I am doing my PhD training in the Lek Lab at Yale University (2018-present). I am interested at improving diagnostics and developing treatments for rare muscle diseases, especially the muscular dystrophies caused by mutations in the components of the Dystrophin Glycoprotein Complex (DGC).

I led a project examining the functional consequences of all possible small-size variants of alpha-dystroglycanopathy related genes in a high-throughput manner. In this project, I developed a simple, cost-effective, and adaptable workflow for high-throughput functional screening of variants, which was named Saturation mutagenesis-reinforced Functional assays (SMuRF). We have applied SMuRF and screened all possible coding SNVs of FKRP and LARGE1. The Lek lab is expanding SMuRF by incorporating different saturation mutagenesis methods and different functional assays and will apply it to more genes.
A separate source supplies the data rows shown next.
lemma Vn_single: "p \<in> Pairs n \<Longrightarrow> Vn n (Poly_Mapping.single p c) k = c * incidence p k"
  unfolding Vn_eq_sum_incidence using finite_Pairs
  by (simp add: lookup_single when_def if_distrib[of "\<lambda>x. x * _"] sum.delta cong: if_cong)

lemma sum_filter_OffPairs: "(\<Sum>p\<in>OffPairs n. if fst p = k \<or> snd p = k then f p else 0) = sum f (off_incident n k)"
  unfolding off_incident_def using finite_OffPairs by (simp add: sum.inter_filter)

lemma Vn_diagonal_decomp:
  assumes "k \<in> {1..n}"
  shows "Vn n u k = 2 * lookup u (k,k) + (\<Sum>p\<in>off_incident n k. lookup u p)"
proof -
  have disj: "(\<lambda>i. (i,i)) ` {1..n} \<inter> OffPairs n = {}"
    by (auto simp: OffPairs_def)
  have diag: "(\<Sum>p\<in>(\<lambda>i. (i,i)) ` {1..n}. lookup u p * incidence p k) = 2 * lookup u (k,k)"
  proof -
    have "(\<Sum>p\<in>(\<lambda>i. (i,i)) ` {1..n}. lookup u p * incidence p k)
        = (\<Sum>i\<in>{1..n}. if i = k then 2 * lookup u (k,k) else 0)"
      by (subst sum.reindex, simp add: inj_on_def, rule sum.cong) (auto simp: incidence_def)
    also have "\<dots> = 2 * lookup u (k,k)"
      using assms by simp
    finally show ?thesis .
  qed
  have off: "(\<Sum>p\<in>OffPairs n. lookup u p * incidence p k) = (\<Sum>p\<in>off_incident n k. lookup u p)"
    unfolding sum_filter_OffPairs[symmetric]
    by (rule sum.cong) (auto simp: incidence_def OffPairs_def)
  have "Vn n u k = (\<Sum>p\<in>(\<lambda>i. (i,i)) ` {1..n}. lookup u p * incidence p k)
      + (\<Sum>p\<in>OffPairs n. lookup u p * incidence p k)"
    unfolding Vn_eq_sum_incidence Pairs_eq_diagonal_Un_OffPairs
    using disj finite_OffPairs by (intro sum.union_disjoint) auto
  then show ?thesis
    unfolding diag off .
qed

lemma even_sum_iff_cong:
  fixes f g :: "'a \<Rightarrow> nat"
  shows "(\<And>x. x \<in> X \<Longrightarrow> even (f x) \<longleftrightarrow> even (g x)) \<Longrightarrow> even (sum f X) \<longleftrightarrow> even (sum g X)"
  by (induction X rule: infinite_finite_induct) auto

lemma even_iff_of_double_add_eq: "2 * a + x = 2 * b + (y::nat) \<Longrightarrow> even x \<longleftrightarrow> even y"
  by presburger

text \<open>Row \<open>k\<close> of \<open>V\<^sub>n\<close> counts the entry \<open>(k,n)\<close> once and the diagonal entry twice.\<close>

lemma even_lookup_last_column_determined:
  assumes V: "\<forall>k\<in>{1..n}. Vn n u k = Vn n v k"
    and P: "\<forall>q\<in>OffPairs (n - 1). even (lookup u q) \<longleftrightarrow> even (lookup v q)"
    and p: "p \<in> OffPairs n"
  shows "even (lookup u p) \<longleftrightarrow> even (lookup v p)"
proof (cases "snd p < n")
  case True
  with p P show ?thesis by (auto simp: OffPairs_def)
next
  case False
  then obtain k where p_eq: "p = (k,n)" and k: "1 \<le> k" "k < n"
    using p by (cases p) (auto simp: OffPairs_def)
  let ?A = "{q \<in> OffPairs (n - 1). fst q = k \<or> snd q = k}"
  have split: "off_incident n k = insert (k,n) ?A" "(k,n) \<notin> ?A"
    using k by (auto simp: off_incident_def OffPairs_def)
  have row: "Vn n w k = 2 * lookup w (k,k) + (lookup w (k,n) + (\<Sum>q\<in>?A. lookup w q))" for w
    using Vn_diagonal_decomp[of k n w] k split finite_OffPairs by simp
  have "even (lookup u (k,n) + (\<Sum>q\<in>?A. lookup u q)) \<longleftrightarrow> even (lookup v (k,n) + (\<Sum>q\<in>?A. lookup v q))"
  proof -
    have "Vn n u k = Vn n v k"
      using V k by simp
    then show ?thesis
      unfolding row by (rule even_iff_of_double_add_eq)
  qed
  moreover have "even (\<Sum>q\<in>?A. lookup u q) \<longleftrightarrow> even (\<Sum>q\<in>?A. lookup v q)"
    using P by (intro even_sum_iff_cong) auto
  ultimately show ?thesis
    unfolding p_eq even_add by blast
qed

subsection \<open>Monomials modulo \<open>J\<^sub>n\<close>\<close>

text \<open>The new monomial trades \<open>x\<^sub>i\<^sub>j\<^sup>2\<close> for \<open>x\<^sub>i\<^sub>i x\<^sub>j\<^sub>j\<close>, so the two differ by a multiple of a
  principal 2-minor.\<close>

lemma square_reduction_step:
  assumes ij: "(i,j) \<in> OffPairs n" and u: "keys u \<subseteq> Pairs n" and two: "2 \<le> lookup u (i,j)"
  obtains u' where "keys u' \<subseteq> Pairs n" "\<forall>k. Vn n u' k = Vn n u k"
    "\<forall>q\<in>OffPairs n. even (lookup u' q) \<longleftrightarrow> even (lookup u q)"
    "(\<Sum>q\<in>OffPairs n. lookup u' q) < (\<Sum>q\<in>OffPairs n. lookup u q)"
    "eqJ n (xmon u) (xmon u' :: 'k::comm_ring_1 mpoly)"
proof
  define w where "w = u - Poly_Mapping.single (i,j) 2"
  have u_eq: "u = w + Poly_Mapping.single (i,j) 2"
    using two by (intro poly_mapping_eqI) (auto simp: w_def lookup_add lookup_minus lookup_single when_def)
  define u' where "u' = w + unit_vec (i,i) + unit_vec (j,j)"
  have ij': "i < j" "(i,j) \<in> Pairs n" "(i,i) \<in> Pairs n" "(j,j) \<in> Pairs n"
    using ij by (auto simp: OffPairs_def Pairs_def)
  have lookup_u: "lookup u q = lookup w q + (if q = (i,j) then 2 else 0)" for q
    by (subst u_eq) (auto simp: lookup_add lookup_single when_def)
  have lookup_u': "lookup u' q = lookup w q + (if q = (i,i) then 1 else 0) + (if q = (j,j) then 1 else 0)" for q
    by (auto simp: u'_def lookup_add lookup_single when_def)
  have "keys w \<subseteq> Pairs n"
    using u by (auto simp: in_keys_iff lookup_u)
  then show "keys u' \<subseteq> Pairs n"
    using ij' keys_add[of "w + unit_vec (i,i)" "unit_vec (j,j)"] keys_add[of w "unit_vec (i,i)"]
    by (auto simp: u'_def)
  show "\<forall>k. Vn n u' k = Vn n u k"
    using ij' by (subst u_eq) (simp add: u'_def Vn_add Vn_single incidence_def)
  show "\<forall>q\<in>OffPairs n. even (lookup u' q) \<longleftrightarrow> even (lookup u q)"
    by (auto simp: lookup_u lookup_u' OffPairs_def)
  have "(\<Sum>q\<in>OffPairs n. lookup u' q) = (\<Sum>q\<in>OffPairs n. lookup w q)"
    by (rule sum.cong) (auto simp: lookup_u' OffPairs_def)
  also have "\<dots> < (\<Sum>q\<in>OffPairs n. lookup w q) + (\<Sum>q\<in>OffPairs n. if q = (i,j) then 2 else 0)"
    using ij finite_OffPairs by simp
  also have "\<dots> = (\<Sum>q\<in>OffPairs n. lookup u q)"
    by (simp add: lookup_u sum.distrib)
  finally show "(\<Sum>q\<in>OffPairs n. lookup u' q) < (\<Sum>q\<in>OffPairs n. lookup u q)" .
  have "xmon u - xmon u' = - xmon w * (minor2 (i,j) :: 'k mpoly)"
    using ij' by (simp add: u_eq u'_def minor2_def xvar_power xvar_eq_xmon[of i i] xvar_eq_xmon[of j j] xmon_add algebra_simps)
  then show "eqJ n (xmon u) (xmon u' :: 'k mpoly)"
    unfolding eqJ_def using J_minor2[OF ij] by metis
qed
I conducted a project to develop a personalized gene therapy which employed the CRISPR-activation technology to up-regulate the cortical dystrophin in patients who lack the muscle isoform. I designed and cloned the CRISPRa construct used to make the clinical drug and performed the pre-clinical studies to test it both in cell lines and mouse models. The Investigational New Drug (IND) Application for the clinical trial of this project was approved by FDA (IND, 28497; https://beta.clinicaltrials.gov/study/NCT05514249).

I have also been working on developing novel systemic delivery systems, including engineered AAV serotypes and antibody-based delivery, to increase safety and delivering efficiency to the muscular tissues.